lemma power_sum_eq_fiberwise:
  fixes f :: "'a \<Rightarrow> complex"
  assumes "finite J" and "finite L" and "f ` J \<subseteq> L"
  shows "(\<Sum>j\<in>J. v j * f j ^ k) = (\<Sum>y\<in>L. (\<Sum>j\<in>{j\<in>J. f j = y}. v j) * y ^ k)"
proof -
  have "(\<Sum>j\<in>J. v j * f j ^ k) = (\<Sum>y\<in>L. \<Sum>j\<in>{j\<in>J. f j = y}. v j * f j ^ k)"
    by (rule sum.group[OF assms, symmetric])
  also have "\<dots> = (\<Sum>y\<in>L. (\<Sum>j\<in>{j\<in>J. f j = y}. v j) * y ^ k)"
    by (intro sum.cong refl) (simp add: sum_distrib_right)
  finally show ?thesis .
qed

lemma power_sums_eq_imp_fiber_sums_eq:
  fixes f :: "'a \<Rightarrow> complex" and g :: "'b \<Rightarrow> complex"
  assumes J: "finite J" and K: "finite K"
    and sums_eq: "\<And>k. (\<Sum>j\<in>J. v j * f j ^ k) = (\<Sum>j\<in>K. w j * g j ^ k)"
  shows "(\<Sum>j\<in>{j\<in>J. f j = x}. v j) = (\<Sum>j\<in>{j\<in>K. g j = x}. w j)"
proof (cases "x \<in> f ` J \<union> g ` K")
  case True
  define L where "L = f ` J \<union> g ` K"
  define c where "c y = (\<Sum>j\<in>{j\<in>J. f j = y}. v j) - (\<Sum>j\<in>{j\<in>K. g j = y}. w j)" for y
  have L: "finite L" "f ` J \<subseteq> L" "g ` K \<subseteq> L" using J K by (auto simp: L_def)
  have "(\<Sum>y\<in>L. c y * y ^ k) = 0" for k
    using sums_eq[of k] power_sum_eq_fiberwise[OF J L(1,2)] power_sum_eq_fiberwise[OF K L(1,3)]
    by (simp add: c_def left_diff_distrib sum_subtractf)
  then have "c x = 0"
    using power_sums_eq_0_imp_coeffs_eq_0[OF L(1)] True by (auto simp: L_def)
  then show ?thesis by (simp add: c_def)
next
  case False
  then have "{j\<in>J. f j = x} = {}" and "{j\<in>K. g j = x} = {}" by auto
  then show ?thesis by (simp only: sum.empty)
qed

lemma laurent_eval_of_real_power:
  "laurent_eval a (complex_of_real (q ^ k)) = (\<Sum>m\<in>{m. a m \<noteq> 0}. a m * complex_of_real (q powi m) ^ k)"
  unfolding laurent_eval_def
  by (simp add: power_int_power power_int_power' mult.commute flip: of_real_power of_real_power_int)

▬▬▬

Task prompt> Copy out every line of the listing that includes the string "fixes".

Response below>
  fixes f :: "'a \<Rightarrow> complex"
  fixes f :: "'a \<Rightarrow> complex" and g :: "'b \<Rightarrow> complex"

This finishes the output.